Wundert euch nicht. Der Sirup wird nicht so dickflüssig, wie zB. beim Holunderblütensirup. Geschmacklich macht das aber nichts.

Im Verhältnis 1:10 erhaltet ihr mit Wasser eine erfrischende Limo, von der ihr wisst, was wirklich drin ist. Das Ganze hält sich so. ca. 4 Wochen im Kühlschrank.

Mir persönlich schmeckt die Zitronenlimo besser, da sie erfrischend und ein wenig herb ist.


Ansonsten habe ich heute noch einen leckeren Rapunzelsalat mit frischen Erdbeeren, Mozzarella und Balsamicodressing zubereitet.


 Und Rhabarberkuchen mit frischen Rhabarber aus dem Garten gebacken.
Der Teig ist aus meinen üblichen Hefeteig und die Streusel bestehen aus 125gr. Butter, 
100gr. Zucker, 2 P. Vanillezucker und 200 gr. Mehl.

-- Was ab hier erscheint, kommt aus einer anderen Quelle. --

(* Let $\pi_2=2\int_0^1\frac{\mathrm{d}t}{\sqrt{1-t^4}}$ and let $\mathrm{sleaf}_2:\mathbb{R}\to\mathbb{R}$ be the leaf function of basis $2$. Let $m$ be an integer, let $l$ be real with $s:=\mathrm{sleaf}_2(l)\neq0$. (i) If $\frac{\pi_2}{2}(4m+1)\le l\le\frac{\pi_2}{2}(4m+3)$, then $$\Bigl(\mathrm{sleaf}_2\Bigl(\frac l2\Bigr)\Bigr)^2=\frac{-1-\sqrt{1-s^2}}{s^2}+\frac{\sqrt{1+s^2}}{s^2}\sqrt{2-s^2+2\sqrt{1-s^2}}.$$ (ii) If $\frac{\pi_2}{2}(4m-1)\le l\le\frac{\pi_2}{2}(4m+1)$, then $$\Bigl(\mathrm{sleaf}_2\Bigl(\frac l2\Bigr)\Bigr)^2=\frac{-1+\sqrt{1-s^2}}{s^2}+\frac{\sqrt{1+s^2}}{s^2}\sqrt{2-s^2-2\sqrt{1-s^2}}.$$
   Context: For a natural number $n$, the leaf function $\mathrm{sleaf}_n:\mathbb{R}\to\mathbb{R}$ is the solution of $\frac{\mathrm{d}^2r}{\mathrm{d}l^2}=-n\,r^{2n-1}$ with $r(0)=0$, $r'(0)=1$; it is periodic with period $2\pi_n$, where $\pi_n=2\int_0^1\frac{\mathrm{d}t}{\sqrt{1-t^{2n}}}$, and on $[-\pi_n/2,\pi_n/2]$ it is the inverse of $r\mapsto\int_0^r\frac{\mathrm{d}t}{\sqrt{1-t^{2n}}}$. *)

theory Defs
  imports "HOL-Analysis.Analysis"
begin

text \<open>pi_n = 2 * int_0^1 dt / sqrt(1 - t^(2n)) (Henstock-Kurzweil integral; the
  integrand is nonnegative and improperly integrable).\<close>
definition pi_leaf :: "nat \<Rightarrow> real" where
  "pi_leaf n = 2 * integral {0..1} (\<lambda>t. 1 / sqrt (1 - t ^ (2 * n)))"

definition sleaf :: "nat \<Rightarrow> real \<Rightarrow> real" where
  "sleaf n = (THE r. \<exists>r'. r 0 = 0 \<and> r' 0 = 1 \<and>
      (\<forall>x. (r has_real_derivative r' x) (at x)) \<and>
      (\<forall>x. (r' has_real_derivative (- real n * r x ^ (2 * n - 1))) (at x)))"

end

theory Submission
  imports Defs
begin

text \<open>For \<open>n = 2\<close> the leaf function is the lemniscate sine \<open>sl\<close>, normalised by
  \<open>sl'' = -2 sl\<^sup>3\<close>. Writing \<open>sl x = sin \<theta> / sqrt (1 + cos\<^sup>2 \<theta>)\<close> with
  \<open>d\<theta>/dx = sqrt (1 + cos\<^sup>2 \<theta>)\<close> gives an explicit global solution; since solutions of the
  ODE conserve \<open>sl'\<^sup>2 + sl\<^sup>4\<close> they are bounded, so a Gronwall argument makes it the unique one.
  As \<open>\<theta>\<close> grows by \<open>\<pi>\<close> when \<open>x\<close> grows by \<open>\<pi>\<^sub>2\<close>, \<open>sl\<close> is \<open>\<pi>\<^sub>2\<close>-antiperiodic.
  Uniqueness also yields the duplication formula \<open>sl (2u) (1 + sl\<^sup>4 u) = 2 sl u sl' u\<close>; squaring
  it and using \<open>sl'\<^sup>2 = 1 - sl\<^sup>4\<close> shows that \<open>y = sl\<^sup>2 (l/2)\<close> solves
  \<open>s\<^sup>2 (1 + y\<^sup>2)\<^sup>2 = 4 y (1 - y\<^sup>2)\<close> with \<open>s = sl l\<close>. The two displayed expressions are the
  roots of this quartic in \<open>[0, 1]\<close>, and which one is \<open>y\<close> is decided by the sign of
  \<open>1 - 2 y - y\<^sup>2\<close>, i.e. by comparing \<open>l/2\<close> modulo \<open>\<pi>\<^sub>2\<close> with \<open>\<pi>\<^sub>2/4\<close>.\<close>

lemma lemn_ode_energy:
  fixes r q :: "real \<Rightarrow> real"
  assumes dr: "\<And>x. (r has_real_derivative q x) (at x)"
    and dq: "\<And>x. (q has_real_derivative - 2 * r x ^ 3) (at x)"
  shows "(q x)\<^sup>2 + r x ^ 4 = (q 0)\<^sup>2 + r 0 ^ 4"
proof -
  have "((\<lambda>x. (q x)\<^sup>2 + r x ^ 4) has_real_derivative 0) (at x)" for x
    using DERIV_add[OF DERIV_power[OF dq, of 2] DERIV_power[OF dr, of 4]]
    by (simp add: algebra_simps numeral_eq_Suc)
  then show ?thesis by (intro DERIV_isconst_all) blast
qed

lemma abs_le_one_if_energy_one:
  fixes q r :: real
  assumes "q\<^sup>2 + r ^ 4 = 1"
  shows "\<bar>r\<bar> \<le> 1"
proof -
  have "r ^ 4 \<le> 1" using assms zero_le_power2[of q] by linarith
  then have "\<bar>r\<bar> ^ 4 \<le> 1" by (simp add: power_even_abs_numeral)
  then show ?thesis by (metis abs_ge_zero power_le_one_iff zero_neq_numeral)
qed

lemma cube_diff_abs_le:
  fixes a b :: real
  assumes "\<bar>a\<bar> \<le> 1" "\<bar>b\<bar> \<le> 1"
  shows "\<bar>a ^ 3 - b ^ 3\<bar> \<le> 3 * \<bar>a - b\<bar>"
proof -
  have "\<bar>a\<^sup>2 + a * b + b\<^sup>2\<bar> \<le> \<bar>a\<^sup>2\<bar> + \<bar>a * b\<bar> + \<bar>b\<^sup>2\<bar>" by linarith
  also have "\<dots> \<le> 1 + 1 + 1"
    using assms by (intro add_mono) (auto simp: abs_mult abs_square_le_1 intro: mult_le_one)
  finally have "\<bar>a\<^sup>2 + a * b + b\<^sup>2\<bar> \<le> 3" by simp
  moreover have "a ^ 3 - b ^ 3 = (a - b) * (a\<^sup>2 + a * b + b\<^sup>2)"
    by (simp add: power2_eq_square power3_eq_cube algebra_simps)
  ultimately show ?thesis
    using mult_left_mono[of "\<bar>a\<^sup>2 + a * b + b\<^sup>2\<bar>" 3 "\<bar>a - b\<bar>"] by (simp add: abs_mult)
qed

Und dann habe ich noch ein wenig gebastelt.
Ein paar Ideen zur Karten- und Geschenkegestaltung.












So das war es für heute. 

Ich wünsche euch allen einen guten Start in die neue Woche.

Bis bald.

Eure Emma


Samstag, 4. April 2015

Frohe Ostern...

Für alle, die sich noch schnell ein wenig Osterstimmung ins Haus holen wollen, gibt es heute schnelle  und einfache Ideen.


Falls ihr noch nach einem leckeren Nachtisch sucht. 
Hier kommt eine schnelle und leckere Lösung.

Spaghettieis ohne Eis 

Ihr braucht: 500 g Vollmilchjogurt, 1 Becher Sahne, 3 Vanillezucker, weiterer Zucker nach Bedarf, 1 Vanillearoma, 250 g tiefgefrorene Erdbeeren, ein bisschen weiße Schokolade.

Sahne schlagen. Jogurt, Vanillezucker, Zucker und Vanillearoma miteinander vermischen. Sahne unterheben.Erdbeeren pürieren und süßen und anschließend über die Jogurtmasse geben. Einfach mit weißer Schokolade dekorieren. 

Natürlich kann auch Mascarpone verwendet werden. Ist geschmacklich sehr lecker, aber auch eine kleine Kalorienbombe.




Ich habe diesen Nachtisch zum Frühstück angeboten. 



 Für meine Arbeitskollegen gab es dieses Osterkörbchen mit Schokolade und Tee.
Und für ein paar Vitamine zum Frühstück gab es frische Kresse.




Unsere Fensterdekoration ist schlicht und einfach.
Ich mag diese grünen und gepunkteten Eier sehr gerne, weil sie so frisch wirken.




Auf dem Esstisch stehen auch für uns leckere Vitamine.
Die Hasen beherbergen eigentlich Eier zum Wärmen. 



Dieses Jahr habe ich die Eier nicht gefärbt, sondern nur bemalt. Mir gefällt der natürliche Look der Eier sehr gut.


Und jetzt wünsche ich euch allen Frohe Ostern im Kreise eurer Liebsten. 
Genießt die freie Zeit zum Ausruhen, Genießen und allem was euch gut tut.